Bien sûr que non. Cet article du Guardian nous rappelle une fois de plus l'importance de la transparence et de la responsabilité sur le marché de la compensation carbone. Le lavage des arbres existe et doit être combattu. Est-il normal, par exemple, qu'un hectare de forêt non diversifiée ait le même poids dans ce système qu'un hectare de forêt diversifiée ? L'utilisation de la contribution au carbone pour atténuer le changement climatique est un outil, mais elle doit être réalisée de manière vérifiable, fiable et finalement efficace. C'est pourquoi les projets de contribution au carbone doivent être étroitement encadrés et utilisés uniquement en dernier recours, lorsqu'aucune autre solution ne permet de réduire ou d'éliminer les émissions de CO2 d'une activité humaine. La participation des entreprises à la contribution mondiale au carbone est nécessaire pour soutenir des projets à fort impact social et environnemental qui ne seraient pas possibles autrement... et qui capteront incidemment le carbone de l'atmosphère.
En ce qui concerne le système de crédits carbone, nombreux sont ceux qui nous rappellent qu'il ne faut pas nécessairement tout jeter d'un coup.
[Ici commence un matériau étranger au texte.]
(* Let $(X,\oplus,\lceil,0)$ be an MV-algebra. For $x,y\in X$ let $(u_n)_{n\in\mathbb{N}}$ be the Fibonacci sequence attached to $x,y$, i.e. $u_0=x$, $u_1=y$, $u_{n+2}=u_n\oplus u_{n+1}$. Suppose that for all $x,y\in X$ this sequence is $2$-stationary, i.e. $u_n=u_2$ for all $n\geq 2$. Then $X$ is a Boolean algebra, i.e. $x\oplus x=x$ for all $x\in X$.
   Context: An MV-algebra $(X,\oplus,\lceil,0)$ is an abelian monoid $(X,\oplus,0)$ with a unary operation $\lceil$ such that for all $x,y\in X$: $x\oplus\lceil 0=\lceil 0$; $\lceil(\lceil x)=x$; $\lceil(\lceil x\oplus y)\oplus y=\lceil(\lceil y\oplus x)\oplus x$. An MV-algebra in which every element is idempotent ($x\oplus x=x$) is a Boolean algebra. *)

theory Defs
  imports Main
begin

definition mv_algebra :: "'a set \<Rightarrow> ('a \<Rightarrow> 'a \<Rightarrow> 'a) \<Rightarrow> ('a \<Rightarrow> 'a) \<Rightarrow> 'a \<Rightarrow> bool" where
  "mv_algebra X pl ng z \<longleftrightarrow>
     z \<in> X \<and>
     (\<forall>x\<in>X. \<forall>y\<in>X. pl x y \<in> X) \<and>
     (\<forall>x\<in>X. ng x \<in> X) \<and>
     (\<forall>x\<in>X. \<forall>y\<in>X. \<forall>w\<in>X. pl (pl x y) w = pl x (pl y w)) \<and>
     (\<forall>x\<in>X. \<forall>y\<in>X. pl x y = pl y x) \<and>
     (\<forall>x\<in>X. pl x z = x) \<and>
     (\<forall>x\<in>X. pl x (ng z) = ng z) \<and>
     (\<forall>x\<in>X. ng (ng x) = x) \<and>
     (\<forall>x\<in>X. \<forall>y\<in>X. pl (ng (pl (ng x) y)) y = pl (ng (pl (ng y) x)) x)"

fun mv_fib :: "('a \<Rightarrow> 'a \<Rightarrow> 'a) \<Rightarrow> 'a \<Rightarrow> 'a \<Rightarrow> nat \<Rightarrow> 'a" where
  "mv_fib pl x y 0 = x"
| "mv_fib pl x y (Suc 0) = y"
| "mv_fib pl x y (Suc (Suc n)) = pl (mv_fib pl x y n) (mv_fib pl x y (Suc n))"

end

theory Submission
  imports Defs
begin

lemma mv_fib_2: "mv_fib pl x y 2 = pl x y"
  by (simp add: numeral_2_eq_2)

lemma mv_fib_3: "mv_fib pl x y 3 = pl y (pl x y)"
  by (simp add: numeral_3_eq_3)

theorem proposition2p5:
  fixes X :: "'a set" and pl :: "'a \<Rightarrow> 'a \<Rightarrow> 'a" and ng :: "'a \<Rightarrow> 'a" and z :: 'a
  assumes mv: "mv_algebra X pl ng z"
    and stat: "\<forall>x\<in>X. \<forall>y\<in>X. \<forall>n\<ge>2. mv_fib pl x y n = mv_fib pl x y 2"
  shows "\<forall>x\<in>X. pl x x = x"
proof
  fix x assume x: "x \<in> X"
  have z: "z \<in> X" and z_left_neutral: "pl z x = x"
    using mv x unfolding mv_algebra_def by auto
  \<comment> \<open>The sequence attached to 0, x reads 0, x, x, x \<oplus> x, ...\<close>
  have "mv_fib pl z x 3 = mv_fib pl z x 2"
    using stat[rule_format, OF z x, of 3] by simp
  then show "pl x x = x"
    by (simp add: mv_fib_2 mv_fib_3 z_left_neutral)
qed

end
L'enjeu est plutôt de savoir comment utiliser au mieux ce système. Grégoire Guirauden, cofondateur de Riverse, une plateforme de mesure, de vérification et de monétisation du carbone, l'explique très bien : « La question n'est pas de savoir si les crédits carbone sont bons ou mauvais, les crédits carbone sont un outil. C'est comme dire que la blockchain est bonne ou mauvaise, l'assurance bonne ou mauvaise, Internet bonne ou mauvaise. Chacun de ces outils a de bonnes et de mauvaises utilisations. Le crédit carbone est un moyen pour les projets de décarbonation de trouver le financement dont ils ont besoin, fourni VOLONTAIREMENT par des entreprises qui ont déjà entamé leur propre trajectoire de réduction, comme le prévoit désormais la loi française. »
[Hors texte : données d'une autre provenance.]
lemma energy_4_critical_factor_nonneg:
  fixes x :: real
  assumes "0 \<le> x" "x \<le> 2"
  shows "0 \<le> x ^ 4 - 8 * x ^ 3 + 18 * x\<^sup>2 - 12 * x + 3"
proof -
  define s where "s = x - 1"
  have e: "x ^ 4 - 8 * x ^ 3 + 18 * x\<^sup>2 - 12 * x + 3 = 2 + 4 * s - 4 * s ^ 3 + s ^ 4"
    unfolding s_def by algebra
  show ?thesis
  proof (cases "s \<ge> 0")
    case True
    have "s * s \<le> 1"
      using True assms by (intro mult_le_one) (auto simp: s_def)
    then have "s * (s * s) \<le> s"
      using True by (rule mult_left_le)
    then have "s ^ 3 \<le> s"
      by (simp add: power3_eq_cube mult.assoc)
    then show ?thesis
      using e True zero_le_power[of s 4] by linarith
  next
    case False
    have "2 + 4 * s - 4 * s ^ 3 + s ^ 4 = 4 * (-s) * (-s - 1/2)\<^sup>2 + 4 * (-s - 5/8)\<^sup>2 + 7/16 + s ^ 4"
      by algebra
    moreover have "0 \<le> 4 * (-s) * (-s - 1/2)\<^sup>2" "0 \<le> (-s - 5/8)\<^sup>2" "0 \<le> s ^ 4"
      using False by (simp_all add: mult_nonpos_nonneg)
    ultimately show ?thesis
      using e by linarith
  qed
qed

text \<open>Far from the peak, \<open>exp\<close> is bounded below by a Taylor polynomial; the remaining
  polynomial inequalities are certified by writing the difference with nonnegative coefficients
  in \<open>u \<ge> 0\<close>, or in Bernstein form in \<open>s \<in> [0, 1]\<close>.\<close>

lemma energy_poly_3_tail:
  assumes "3 \<le> t"
  shows "energy_poly 3 t \<le> 27/2 * exp (2 * t - 3)"
proof -
  define T where "T x = 1 + x + x^2/2 + x^3/6 + x^4/24 + x^5/120 + x^6/720 + x^7/5040" for x :: real
  define u where "u = t - 3"
  have u: "0 \<le> u"
    using assms by (simp add: u_def)
  define C where "C = (29079/560) + (7371/80) * u + (264/5) * u^2 + (59/4) * u^3 + (35/3) * u^4 + (139/15) * u^5 + (136/45) * u^6 + (12/35) * u^7"
  have "27/2 * T (3 + 2 * u) - energy_poly 3 (3 + u) = C"
    unfolding C_def T_def energy_poly_3 energy_poly_2 by algebra
  moreover have "0 \<le> C"
    unfolding C_def using u by (intro add_nonneg_nonneg mult_nonneg_nonneg zero_le_power) auto
  moreover have "T (3 + 2 * u) \<le> exp (3 + 2 * u)"
    using exp_partial_sum_le[of "3 + 2 * u" 7] u by (simp add: T_def eval_nat_numeral fact_numeral)
  moreover have "3 + u = t" "3 + 2 * u = 2 * t - 3"
    by (simp_all add: u_def)
  ultimately show ?thesis
    by simp
qed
En effet, les projets de reforestation constituent un outil important dans la lutte contre le changement climatique, mais il est clair qu'ils doivent être mis en œuvre de manière à bénéficier réellement à l'environnement, à sa biodiversité et aux communautés locales. En tant qu'acteurs de cette chaîne, nous devons obliger les entreprises à rendre compte de leurs déclarations environnementales et exiger transparence et responsabilité sur le marché de la contribution au carbone. Nous devons également veiller à ce que les projets de reforestation soient mis en œuvre de manière équitable pour les communautés locales. Ce n'est qu'alors que nous pourrons réellement avoir un impact positif sur l'environnement et la lutte contre le changement climatique.
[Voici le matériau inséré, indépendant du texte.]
(* Let $x_{1:n}\in\mathcal X^n$ ($n\ge1$) have used alphabet size $m$ and counts $n_j$. Let $\beta^*:=m/\ln\frac nm$ if $m<n$, and if $m=n$ let $\beta^*=\infty$, where $S^\infty$ is defined by $S^\infty(x_{t+1}=i\mid x_{1:t})=w^t_i$ if $n^t_i=0$ and $0$ if $n^t_i>0$. Then $$R^{\beta^*}_S(x_{1:n}) \le \mathrm{CL}_w(\mathcal A) - \big(m-\tfrac12\big)\ln m + \sum_{j\in\mathcal A}\tfrac12\ln n_j - \tfrac12\ln n + m\ln\ln\frac{e\,n}{m} + 0.56\,m + 0.082 .$$
   Context: Let $\mathcal X$ be a finite base alphabet. For $x_{1:n}\in\mathcal X^n$, let $n_i$ be the number of occurrences of $i$ in $x_{1:n}$, $\mathcal A=\{x_1,\dots,x_n\}$, $m=|\mathcal A|$. For $0\le t\le n$ let $\mathcal A_t=\{x_1,\dots,x_t\}$ ($\mathcal A_0=\emptyset$), $n^t_i$ the number of occurrences of $i$ in $x_{1:t}$. New-symbol weights: for each $t$ and $i\in\mathcal X\setminus\mathcal A_t$ a number $w^t_i>0$ with $\sum_{k\in\mathcal X\setminus\mathcal A_t}w^t_k\le1$. For constant $\beta>0$, $S^\beta(x_{t+1}=i\mid x_{1:t})=n^t_i/(t+\beta)$ if $n^t_i>0$ and $\beta w^t_i/(t+\beta)$ if $n^t_i=0$; $S^\beta(x_{1:n})=\prod_{t=0}^{n-1}S^\beta(x_{t+1}\mid x_{1:t})$. $\mathrm{CL}_w(\mathcal A):=\sum_{t\in\{0,\dots,n-1\}:\,x_{t+1}\notin\mathcal A_t}\ln(1/w^t_{x_{t+1}})$. Redundancy $R^\beta_S(x_{1:n}):=\ln\big(n^{-n}\prod_{j\in\mathcal A}n_j^{n_j}\big)-\ln S^\beta(x_{1:n})$. Natural logarithms; $e$ is Euler's number. *)

theory Defs
  imports Complex_Main
begin

text \<open>The sequence x_{1:n} is modelled by x :: nat => 'a, using the entries x 1, ..., x n.
  The new-symbol weights are w t i (w^t_i).\<close>

definition seen :: "(nat \<Rightarrow> 'a) \<Rightarrow> nat \<Rightarrow> 'a set" where
  "seen x t = x ` {1..t}"

definition cnt :: "(nat \<Rightarrow> 'a) \<Rightarrow> nat \<Rightarrow> 'a \<Rightarrow> nat" where
  "cnt x t i = card {s \<in> {1..t}. x s = i}"

definition S_cond :: "real \<Rightarrow> (nat \<Rightarrow> 'a \<Rightarrow> real) \<Rightarrow> (nat \<Rightarrow> 'a) \<Rightarrow> nat \<Rightarrow> 'a \<Rightarrow> real" where
  "S_cond \<beta> w x t i =
     (if cnt x t i > 0 then real (cnt x t i) / (real t + \<beta>) else \<beta> * w t i / (real t + \<beta>))"

definition S_seq :: "real \<Rightarrow> (nat \<Rightarrow> 'a \<Rightarrow> real) \<Rightarrow> (nat \<Rightarrow> 'a) \<Rightarrow> nat \<Rightarrow> real" where
  "S_seq \<beta> w x n = (\<Prod>t<n. S_cond \<beta> w x t (x (t + 1)))"

definition S_inf_cond :: "(nat \<Rightarrow> 'a \<Rightarrow> real) \<Rightarrow> (nat \<Rightarrow> 'a) \<Rightarrow> nat \<Rightarrow> 'a \<Rightarrow> real" where
  "S_inf_cond w x t i = (if cnt x t i = 0 then w t i else 0)"

definition S_inf_seq :: "(nat \<Rightarrow> 'a \<Rightarrow> real) \<Rightarrow> (nat \<Rightarrow> 'a) \<Rightarrow> nat \<Rightarrow> real" where
  "S_inf_seq w x n = (\<Prod>t<n. S_inf_cond w x t (x (t + 1)))"

definition redundancy :: "(nat \<Rightarrow> 'a) \<Rightarrow> nat \<Rightarrow> real \<Rightarrow> real" where
  "redundancy x n P =
     ln (real n powi (- int n) * (\<Prod>j\<in>seen x n. real (cnt x n j) ^ cnt x n j)) - ln P"

definition CL :: "(nat \<Rightarrow> 'a \<Rightarrow> real) \<Rightarrow> (nat \<Rightarrow> 'a) \<Rightarrow> nat \<Rightarrow> real" where
  "CL w x n = (\<Sum>t\<in>{t. t < n \<and> x (t + 1) \<notin> seen x t}. ln (1 / w t (x (t + 1))))"

end

theory Submission
  imports Defs
begin

text \<open>The sequential probability has the closed form
  \<open>\<beta>^m * (\<Prod> weights of new symbols) * (\<Prod>j. (n_j - 1)!) / (\<Prod>t<n. t + \<beta>)\<close>, so the
  redundancy splits into \<open>CL_w(A)\<close>, the terms \<open>n_j ln n_j - ln (n_j - 1)!\<close> and
  \<open>(\<Sum>t<n. ln (t + \<beta>)) - m ln \<beta>\<close>. Stirling-type bounds, both obtained from
  \<open>1 \<le> (y + 1/2) ln ((y + 1)/y) \<le> 1 + 1/(12 y (y + 1))\<close>, together with
  \<open>(\<Sum>j. 1/n_j) \<ge> m^2/n\<close>, reduce the claim to an inequality in \<open>m\<close> and \<open>n\<close> whose slack is
  \<open>m * hfun (ln (n/m))\<close> plus nonnegative terms. That \<open>hfun\<close> is nonnegative is elementary for
  \<open>L \<le> 1/50\<close> and \<open>L \<ge> 4\<close>; on \<open>[1/50, 4]\<close> it is checked on a partition into small intervals,
  where monotonicity reduces it to rational bounds for \<open>exp\<close> and \<open>ln\<close> at the endpoints,
  certified by truncated series of \<open>ln ((1 + x)/(1 - x))\<close>. If \<open>m = n\<close>, every symbol is new
  and the redundancy is exactly \<open>CL_w(A) - n ln n\<close>.\<close>

section \<open>Counts and sequential probabilities\<close>

lemma finite_seen: "finite (seen x t)"
  by (simp add: seen_def)

lemma seen_Suc: "seen x (Suc t) = insert (x (Suc t)) (seen x t)"
  by (auto simp: seen_def atLeastAtMostSuc_conv)

lemma card_seen_le: "card (seen x n) \<le> n"
  using card_image_le[of "{1..n}" x] by (simp add: seen_def)

lemma cnt_Suc: "cnt x (Suc t) i = cnt x t i + (if x (Suc t) = i then 1 else 0)"
proof -
  have "{s \<in> {1..Suc t}. x s = i} = {s \<in> {1..t}. x s = i} \<union> (if x (Suc t) = i then {Suc t} else {})"
    by (auto simp: atLeastAtMostSuc_conv)
  then show ?thesis by (auto simp: cnt_def card_insert_if)
qed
En conclusion, deux rappels :
- Il doit y avoir une consultation : l'un des effets pervers du « greenwashing » est de rendre toute action douteuse, contestable. Chaque recherche apporte des solutions et des ajouts. C'est à nous tous, acteurs technologiques, chercheurs, membres de la société civile et politiques, de savoir comment démonter les choses et avancer ensemble vers un objectif commun.
- Il ne doit y avoir aucun doute : la meilleure tonne de carbone est celle qui n'est pas émise. Peu importe le système de crédits de carbone utilisé, le cadre de référence utilisé ou la méthode de calcul utilisée. Planter des arbres n'est jamais une autorisation de polluer.